Pfefferle Aline, Contet Julian, Wong Kahlia, Chen Charlotte, Verhoeyen Els, Slichter Chloe K, Schluns Kimberly S, Cursons Joseph, Berry Richard, Nikolic Iva, Rautela Jai, Huntington Nicholas D
Biomedicine Discovery Institute and the Department of Biochemistry and Molecular Biology Monash University Clayton VIC Australia.
oNKo-Innate Pty Ltd Moonee Ponds VIC Australia.
Clin Transl Immunology. 2024 May 2;13(5):e1507. doi: 10.1002/cti2.1507. eCollection 2024.
Autologous chimeric antigen receptor (CAR) T-cell therapy of B-cell malignancies achieves long-term disease remission in a high fraction of patients and has triggered intense research into translating this successful approach into additional cancer types. However, the complex logistics involved in autologous CAR-T manufacturing, the compromised fitness of patient-derived T cells, the high rates of serious toxicities and the overall cost involved with product manufacturing and hospitalisation have driven innovation to overcome such hurdles. One alternative approach is the use of allogeneic natural killer (NK) cells as a source for CAR-NK cell therapy. However, this source has traditionally faced numerous manufacturing challenges.
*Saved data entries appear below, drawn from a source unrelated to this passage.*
(* If $(U,\le)$ is an ordered supertropical monoid ($\mathrm{OST}$-monoid), then $U$ is a semiring.
   Context: A supertropical monoid is a commutative monoid $(U,\cdot)$ with absorbing element $0$ and distinguished idempotent $e$ with $ex=0\Rightarrow x=0$, together with a total ordering $\le_M$ on $M:=eU$, compatible with multiplication and with $0$ least, making $M$ a bipotent semiring (addition $=\max$). Define on $U$: $x+y:=y$ if $ex<ey$, $x$ if $ex>ey$, $ex$ if $ex=ey$; $U$ is a semiring if this addition is associative and distributive. An OST-monoid is a supertropical monoid $U$ with a total ordering $\le$ on the set $U$ such that: (OST1) $x\le y\Rightarrow xz\le yz$; (OST2) for $x,y\in M$, $x\le y\Leftrightarrow x\le_M y$; (OST3) $0\le1\le e$. *)

theory Defs
  imports Main
begin

text \<open>The supertropical monoid U is modelled as a whole type 'a, with multiplication
  mult, unit one, absorbing element zero, the distinguished idempotent e, the
  ordering leM on M = eU, and (for OST-monoids) a total ordering le on U.\<close>

definition ghostM :: "('a \<Rightarrow> 'a \<Rightarrow> 'a) \<Rightarrow> 'a \<Rightarrow> 'a set" where
  "ghostM mult e = {mult e x | x. True}"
To address this, we have developed an optimised expansion and transduction protocol for primary human NK cells primed for manufacturing scaling and clinical evaluation. We have performed an in-depth comparison of primary human NK cell sources as a starting material by characterising their phenotype, functionality, expansion potential and transduction efficiency at crucial timepoints of our CAR-NK manufacturing pipeline.
We identified adult peripheral blood-derived NK cells to be the superior source for generating a CAR-NK cell product because of a higher maximum yield of CAR-expressing NK cells combined with potent natural, as well as CAR-mediated anti-tumor effector functions.
Our optimised manufacturing pipeline dramatically improves lentiviral transduction efficiency of primary human NK cells. We conclude that the exponential expansion pre- and post-transduction and high on-target cytotoxicity make peripheral blood-derived NK cells a feasible and attractive CAR-NK cell product for clinical utility.
B 细胞恶性肿瘤的自体嵌合抗原受体(CAR)T 细胞疗法使很大一部分患者实现了长期疾病缓解,并引发了将这一成功方法应用于其他癌症类型的深入研究。然而,自体 CAR-T 细胞制造涉及的复杂物流、患者来源 T 细胞的适应性受损、严重毒性的高发生率以及产品制造和住院的总体成本推动了创新以克服这些障碍。一种替代方法是使用同种异体自然杀伤(NK)细胞作为 CAR-NK 细胞疗法的来源。然而,传统上这种来源面临着众多制造挑战。
为了解决这一问题,我们开发了一种优化的扩增和转导方案,用于为扩大制造规模和临床评估准备的原代人 NK 细胞。我们通过在 CAR-NK 细胞制造流程的关键时间点表征其表型、功能、扩增潜力和转导效率,对作为起始材料的原代人 NK 细胞来源进行了深入比较。
我们确定成人外周血来源的 NK 细胞是生成 CAR-NK 细胞产品的优质来源,因为表达 CAR 的 NK 细胞最大产量更高,同时具有强大的天然以及 CAR 介导的抗肿瘤效应功能。
我们优化的制造流程显著提高了原代人 NK 细胞的慢病毒转导效率。我们得出结论,转导前后的指数扩增和高靶向细胞毒性使外周血来源的 NK 细胞成为一种用于临床的可行且有吸引力的 CAR-NK 细胞产品。